Lower cost advanced Nuclear power could dominate future US energy

EPRI, the electric utility industry’s R&D collaboration, thinks that advanced nuclear could dominate the US power sector.

EPRI has a detailed analysis of what it would take to fix nuclear energy in the USA. Extensive deployment of advanced nuclear would likely require new policies, innovation in technologies to significantly lower costs, and/or innovation in business models and markets to enable supplemental revenue streams.

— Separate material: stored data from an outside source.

lemma tiles_imp_is_tiling:
  fixes a b :: nat
  assumes "1 \<le> a" "a \<le> b" and T: "tiles F {a..b} (b - a + 1) (cobweb_level F) T"
  shows "\<exists>T'. is_tiling F a b T'"
proof -
  have "\<exists>\<sigma>. is_block F a b \<sigma> V" if "V \<in> T" for V
  proof -
    have "profile_block F {a..b} (b - a + 1) (cobweb_level F) V"
      using T \<open>V \<in> T\<close> unfolding tiles_def by blast
    then obtain h where h: "\<forall>i\<in>{a..b}. V i \<subseteq> cobweb_level F i" "bij_betw h {a..b} {1..b - a + 1}"
      "\<forall>i\<in>{a..b}. card (V i) = F (h i)"
      unfolding profile_block_def by blast
    obtain \<sigma> where \<sigma>: "\<sigma> permutes {1..b - a + 1}" "\<And>i. i \<in> {1..b - a + 1} \<Longrightarrow> \<sigma> i = h (a - 1 + i)"
      using shifted_permutation[OF assms(1,2) h(2)] by blast
    have "card (V (a - 1 + i)) = F (\<sigma> i)" if "i \<in> {1..b - a + 1}" for i
    proof -
      have "a - 1 + i \<in> {a..b}" using that assms(1,2) by auto
      then show ?thesis using h(3) \<sigma>(2)[OF that] by simp
    qed
    then show ?thesis using \<sigma>(1) h(1) unfolding is_block_def by blast
  qed
  then obtain sig where sig: "\<And>V. V \<in> T \<Longrightarrow> is_block F a b (sig V) V" by metis
  define T' where "T' = (\<lambda>V. (sig V, V)) ` T"
  have "finite T'" using T unfolding T'_def tiles_def by blast
  moreover have "\<forall>(\<sigma>, V)\<in>T'. is_block F a b \<sigma> V" unfolding T'_def using sig by blast
  moreover have "\<forall>B1\<in>T'. \<forall>B2\<in>T'. B1 \<noteq> B2 \<longrightarrow>
      block_chains a b (snd B1) \<inter> block_chains a b (snd B2) = {}"
  proof (intro ballI impI)
    fix B1 B2 assume "B1 \<in> T'" "B2 \<in> T'" "B1 \<noteq> B2"
    then obtain V1 V2 where "V1 \<in> T" "V2 \<in> T" "V1 \<noteq> V2" "snd B1 = V1" "snd B2 = V2"
      unfolding T'_def by force
    then show "block_chains a b (snd B1) \<inter> block_chains a b (snd B2) = {}"
      using T unfolding tiles_def disjoint_family_on_def block_chains_def by blast
  qed
  moreover have "(\<Union>B\<in>T'. block_chains a b (snd B)) = layer_chains F a b"
    using T unfolding T'_def tiles_def block_chains_def layer_chains_def by simp
  ultimately have "is_tiling F a b T'" unfolding is_tiling_def by blast
  then show ?thesis by blast
qed
definition f :: "nat \<Rightarrow> nat" where
  "f n = flist n ! n"

definition h :: "nat \<Rightarrow> nat" where
  "h n = (if n = 0 then 0 else (\<Sum>i=1..n. f i) div n)"

definition phi :: real where
  "phi = (1 + sqrt 5) / 2"

end

theory Submission
  imports Defs
begin

text \<open>
  Let \<open>\<psi> = 1/\<phi> = \<phi> - 1\<close>. The closed form of \<open>h\<close> is \<open>H n = \<lceil>n\<psi>\<rceil>\<close>; for \<open>n > 0\<close> its
  gap \<open>g = H n - n\<psi>\<close> lies strictly between 0 and 1, because \<open>n\<psi>\<close> is irrational. \<open>H\<close> steps
  at \<open>n\<close> (\<open>H (n+1) = H n + 1\<close>) iff \<open>g < \<psi>\<close>, and stays otherwise. From \<open>\<psi>\<^sup>2 = 1 - \<psi>\<close> one gets
  \<open>H n \<cdot> \<psi> = n - H n + \<phi> g\<close> and \<open>(H n + n) \<psi> = n + \<psi> g\<close>, which pin down \<open>H (H n)\<close>,
  \<open>H (H n - 1)\<close> and \<open>H (H n + n)\<close> according to whether \<open>H\<close> steps or stays at \<open>n\<close>.
  Consequently the sequence \<open>F\<close> read off from the steps of \<open>H\<close> is an involution with
  \<open>n H n + F (n+1) = (n+1) H (n+1)\<close>, and \<open>F (n+1)\<close> is the least unused value keeping the
  sum divisible by \<open>n+1\<close>. So the greedy \<open>f\<close> is \<open>F\<close>, \<open>h\<close> is \<open>H\<close>, and all the properties
  are read off from the closed form.
\<close>

definition inv_phi :: real where "inv_phi = phi - 1"

lemma phi_eq: "phi = 1 + inv_phi"
  unfolding inv_phi_def by simp
lemma G_grp_length_1:
  "internal_direct_product (G_grp 1) [generate (G_grp 1) {n_map 1}, generate (G_grp 1) {r_map 1}]
   \<and> group.ord (G_grp 1) (n_map 1) = 2 \<and> group.ord (G_grp 1) (r_map 1) = 2"
proof -
  interpret comm_group "G_grp 1"
    by (rule comm_group_G_grp) simp
  have gen: "carrier (G_grp 1) = generate (G_grp 1) {n_map 1, r_map 1}"
  proof
    show "carrier (G_grp 1) \<subseteq> generate (G_grp 1) {n_map 1, r_map 1}"
      unfolding carrier_G_grp using h_map_trivial [of 1]
      by (intro generate_subgroup_incl generate_is_subgroup) (auto intro: generate.incl generate.one)
  qed (rule generate_incl, simp)
  have probe: "u \<noteq> v" if "coeff (u f) 0 \<noteq> coeff (v f) 0" for u v :: "complex poly \<Rightarrow> complex poly" and f
    using that by auto
  have "n_map 1 \<noteq> \<one>\<^bsub>G_grp 1\<^esub>" "n_map 1 \<noteq> r_map 1"
    by (rule probe [where f = "[:1:]"], simp add: Pl_iff)+
  moreover have "r_map 1 \<noteq> \<one>\<^bsub>G_grp 1\<^esub>"
    by (rule probe [where f = "[:\<i>:]"]) (simp add: Pl_iff)
  ultimately show ?thesis
    by (intro conjI internal_direct_product_involution_pair [OF _ _ _ _ _ gen] ord_eq_2)
      (simp_all add: generator_involution)
qed

lemma G_grp_odd_length:
  assumes "odd l" "l > 1"
  shows "internal_direct_product (G_grp l)
      [generate (G_grp l) {n_map l}, generate (G_grp l) {h_map l}, generate (G_grp l) {r_map l}]
    \<and> group.ord (G_grp l) (n_map l) = 2 \<and> group.ord (G_grp l) (h_map l) = 2
    \<and> group.ord (G_grp l) (r_map l) = 2"
proof -
  have "even (l - 1)" "l \<ge> 3"
    using assms by (auto elim: oddE)
  interpret comm_group "G_grp l"
    by (rule comm_group_G_grp) fact
  have probe: "u \<noteq> v" if "coeff (u f) k \<noteq> coeff (v f) k" for u v :: "complex poly \<Rightarrow> complex poly" and f k
    using that by auto
  \<comment> \<open>\<open>2 + z + z^(\<ell>-1)\<close>: its constant and linear coefficients separate the eight elements.\<close>
  define w :: "complex poly" where "w = [:2, 1:] + monom 1 (l - 1)"
  have "degree [:2, 1::complex:] < degree (monom (1::complex) (l - 1))"
    using \<open>l \<ge> 3\<close> by (simp add: degree_monom_eq)
  then have w: "degree w = l - 1" "coeff w 0 = 2" "coeff w 1 = 1" "coeff w (l - 1) = 1"
    using \<open>l \<ge> 3\<close> unfolding w_def
    by (auto simp: degree_add_eq_right degree_monom_eq coeff_monom coeff_pCons split: nat.split)
  then have "w \<in> Pl l"
    by (simp add: Pl_iff)
  note eval = this w w [unfolded One_nat_def] coeff_tilde tilde_dagger_Pl \<open>even (l - 1)\<close>
  have "n_map l \<noteq> \<one>\<^bsub>G_grp l\<^esub>" "r_map l \<noteq> \<one>\<^bsub>G_grp l\<^esub>" "n_map l \<noteq> h_map l"
    "n_map l \<noteq> r_map l" "h_map l \<noteq> r_map l" "r_map l \<noteq> n_map l \<otimes>\<^bsub>G_grp l\<^esub> h_map l"
    by (rule probe [where f = w and k = 0], simp add: eval)+
  moreover have "h_map l \<noteq> \<one>\<^bsub>G_grp l\<^esub>"
    by (rule probe [where f = w and k = 1]) (simp add: eval)
  ultimately show ?thesis
    by (intro conjI internal_direct_product_involution_triple [OF _ _ _ _ _ _ _ _ _ _ carrier_G_grp]
        ord_eq_2) (auto simp: generator_involution)
qed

If nuclear can be built for $2,000/kW and natural gas prices go as projected, we could have 300GW of nuclear by 2050. The existing 100GW fleet of nuclear plants provides about 20% of US electricity on an annual energy basis. So, 300GW would be 60% of electricity.

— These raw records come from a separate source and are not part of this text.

lemma second_order_increment_le:
  fixes f f' f'' :: "real \<Rightarrow> real"
  assumes f: "\<And>t. 0 \<le> t \<Longrightarrow> t \<le> 1 \<Longrightarrow> (f has_real_derivative f' t) (at t)"
    and f': "\<And>t. 0 \<le> t \<Longrightarrow> t \<le> 1 \<Longrightarrow> (f' has_real_derivative f'' t) (at t)"
    and f'': "\<And>t. 0 \<le> t \<Longrightarrow> t \<le> 1 \<Longrightarrow> f'' t \<le> M"
  shows "f 1 - f 0 \<le> f' 0 + M / 2"
proof -
  define diff where "diff m = [f, f', f''] ! m" for m
  have "\<forall>m t. m < 2 \<and> 0 \<le> t \<and> t \<le> 1 \<longrightarrow> DERIV (diff m) t :> diff (Suc m) t"
    using f f' by (auto simp: diff_def less_2_cases_iff)
  from Taylor_up[where a=0 and b=1 and c=0, OF _ _ this] obtain t where "0 < t" "t < 1"
    "f 1 = (\<Sum>m<2. diff m 0 / fact m * (1 - 0)^m) + diff 2 t / fact 2 * (1 - 0)^2"
    by (auto simp: diff_def)
  then show ?thesis
    using f''[of t] by (simp add: diff_def numeral_2_eq_2)
qed

lemma blk_add: "blk grp (x + y) k = blk grp x k + blk grp y k"
  by (simp add: blk_def vec_eq_iff)

lemma blk_scaleR: "blk grp (t *\<^sub>R x) k = t *\<^sub>R blk grp x k"
  by (simp add: blk_def vec_eq_iff)

lemma blk_gscale: "blk grp (gscale grp c x) k = c k *\<^sub>R blk grp x k"
  by (simp add: blk_def gscale_def vec_eq_iff)

lemma gscale_inverse: "(\<And>k. c k \<noteq> 0) \<Longrightarrow> gscale grp c (gscale grp (\<lambda>k. 1 / c k) x) = x"
  by (simp add: gscale_def vec_eq_iff)

lemma inner_gscale_swap: "gscale grp c u \<bullet> w = u \<bullet> gscale grp c w"
  by (simp add: gscale_def inner_vec_def algebra_simps)

lemma bounded_linear_gscale: "bounded_linear (gscale grp c)"
  by (rule linear_conv_bounded_linear[THEN iffD1], rule linearI)
    (simp_all add: gscale_def vec_eq_iff algebra_simps)

lemma inner_eq_sum_blk:
  fixes grp :: "'n::finite \<Rightarrow> 'k::finite"
  shows "u \<bullet> w = (\<Sum>k\<in>UNIV. blk grp u k \<bullet> blk grp w k)"
proof -
  have "(\<Sum>k\<in>UNIV. blk grp u k \<bullet> blk grp w k)
      = (\<Sum>k\<in>(UNIV::'k set). \<Sum>i\<in>UNIV. if grp i = k then u$i * w$i else 0)"
    by (simp add: blk_def inner_vec_def if_distrib cong: if_cong)
  also have "\<dots> = (\<Sum>i\<in>UNIV. \<Sum>k\<in>(UNIV::'k set). if grp i = k then u$i * w$i else 0)"
    by (rule sum.swap)
  also have "\<dots> = u \<bullet> w" by (simp add: inner_vec_def)
  finally show ?thesis by simp
qed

If nuclear can be built for $2,000/kW, gas prices go as projected, and there is either any kind of CO2 policy or any additional revenue streams, nuclear will be at least 80% of the power system.

Examples of additional revenue are thermal desalination, combined heat and power, or thermally enhanced hydrogen production.

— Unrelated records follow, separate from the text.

definition Cc :: "nat \<Rightarrow> (nat \<Rightarrow> real) \<Rightarrow> (nat \<Rightarrow> real) \<Rightarrow> real \<Rightarrow> real \<Rightarrow> real \<Rightarrow> real
    \<Rightarrow> nat \<Rightarrow> nat \<Rightarrow> real" where
  "Cc n \<rho> \<eta> Mf Lf M\<phi> L\<phi> j i =
     (if j = i then geomq M\<phi> 0 (n - i - 1) * Mf * L\<phi> + Lf + 1 / \<eta> (Suc i)
      else geomq M\<phi> (j - i) (n - i - 1) * Mf * L\<phi> + M\<phi> ^ (j - i) * Lf
           + (2 * real (j - i) + 1) * M\<phi> ^ (j - i) / \<eta> (Suc j)
           + (2 * real (j - i) - 1) * \<rho> j * M\<phi> ^ (j - i))"

definition Ct :: "(nat \<Rightarrow> real) \<Rightarrow> (nat \<Rightarrow> real) \<Rightarrow> real \<Rightarrow> nat \<Rightarrow> nat \<Rightarrow> real" where
  "Ct \<rho> \<eta> M\<phi> j i =
     (if j = i then 1 / \<eta> (Suc i) else M\<phi> ^ (j - i) / \<eta> (Suc j) + \<rho> j * M\<phi> ^ (j - i))"

end

theory Submission
  imports Defs
begin

text \<open>
  The first-order condition of the update of block $x_{j+1}$ can be solved for the new multiplier:
  $\lambda_j^{k+1} = -\nabla f_{j+1} - (x_{j+1}^{k+1} - x_{j+1}^k)/\eta_{j+1}
    + \nabla\varphi(x_{j+1})^T(\lambda_{j+1}^{k+1} - \rho_{j+1}(x_{j+2}^{k+1} - x_{j+2}^k))$.
  Unrolling this backward recursion writes $\lambda^{k+1}$ as a part that depends only on $x^{k+1}$,
  bounded and Lipschitz on $S$, plus a part bounded by a combination of the step lengths
  $\|x_i^{k+1} - x_i^k\|$.
  This bounds the multipliers, and it bounds the increase
  $\sum_j \|\lambda_j^{k+1} - \lambda_j^k\|^2/\rho_j$ of $L_\rho$ caused by the multiplier update
  by the squared lengths of the last two steps (Cauchy-Schwarz). The block minimisations decrease
  $L_\rho$ by $\sum_i \|x_i^{k+1} - x_i^k\|^2/(2\eta_i)$, so $E$ decreases under the parameter
  conditions. Finally, the multiplier bound together with $\rho_i > 2\rho_i^0$ makes $L_\rho + n$
  dominate the function defining the sublevel sets, so by induction every iterate stays in
  $S_{\bar\alpha}$, where the constants of (A2) are valid.
\<close>

lemma abs_inner_le_young:
  fixes a b :: "'a::real_inner"
  assumes "t > 0"
  shows "\<bar>inner a b\<bar> \<le> (norm a)\<^sup>2 / (2 * t) + t * (norm b)\<^sup>2 / 2"
proof -
  have "0 \<le> (norm a - t * norm b)\<^sup>2 / (2 * t)"
    using assms by simp
  also have "\<dots> = (norm a)\<^sup>2 / (2 * t) + t * (norm b)\<^sup>2 / 2 - norm a * norm b"
    using assms by (simp add: field_simps power2_eq_square)
  finally show ?thesis
    using Cauchy_Schwarz_ineq2[of a b] by linarith
qed

lemma square_le_card_mult_sum_squares:
  fixes u v :: "'b \<Rightarrow> real"
  assumes "finite A" "0 \<le> X" "X \<le> (\<Sum>i\<in>A. u i + v i)"
  shows "X\<^sup>2 \<le> 2 * real (card A) * (\<Sum>i\<in>A. (u i)\<^sup>2 + (v i)\<^sup>2)"
proof -
  have "X\<^sup>2 \<le> (\<Sum>i\<in>A. (u i + v i) * 1)\<^sup>2"
    using assms by (intro power_mono) auto
  also have "\<dots> \<le> (\<Sum>i\<in>A. (u i + v i)\<^sup>2) * (\<Sum>i\<in>A. 1\<^sup>2)"
    by (rule Cauchy_Schwarz_ineq_sum)
  also have "\<dots> \<le> (\<Sum>i\<in>A. 2 * ((u i)\<^sup>2 + (v i)\<^sup>2)) * (\<Sum>i\<in>A. 1\<^sup>2)"
  proof (intro mult_right_mono sum_mono)
    fix i
    have "0 \<le> (u i - v i)\<^sup>2" by simp
    then show "(u i + v i)\<^sup>2 \<le> 2 * ((u i)\<^sup>2 + (v i)\<^sup>2)"
      by (simp add: power2_eq_square algebra_simps)
  qed (simp add: sum_nonneg)
  finally show ?thesis
    by (simp add: sum_distrib_left algebra_simps)
qed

Korean and Chinese light water nuclear reactors are already in this $2,000/kW price range.

Advanced reactors study A peer-reviewed study in 2017, undertaken by the Energy Innovation Reform Project (EIRP), with data collection and analysis conducted by the Energy Options Network (EON) on its behalf, compiled extensive data from eight advanced nuclear companies that are actively pursuing commercialization of plants of at least 250 MWe in size. Individual reactor units ranged from 48 MWe to 1650 MWe.At the lower end of the potential cost range, these plants could present the lowest cost generation options available, making nuclear power “effectively competitive with any other option for power generation. At the same time, this could enable a significant expansion of the nuclear footprint to the parts of the world that need clean energy the most – and can least afford to pay high price premiums for it.” The companies included in the study were Elysium Industries, GE Hitachi (using only publicly available information), Moltex Energy, NuScale Power, Terrestrial Energy, ThorCon Power, Transatomic Power, and X‐energy. LCOE ranged from $36/MWh to $90/MWh, with an average of $60/MWh.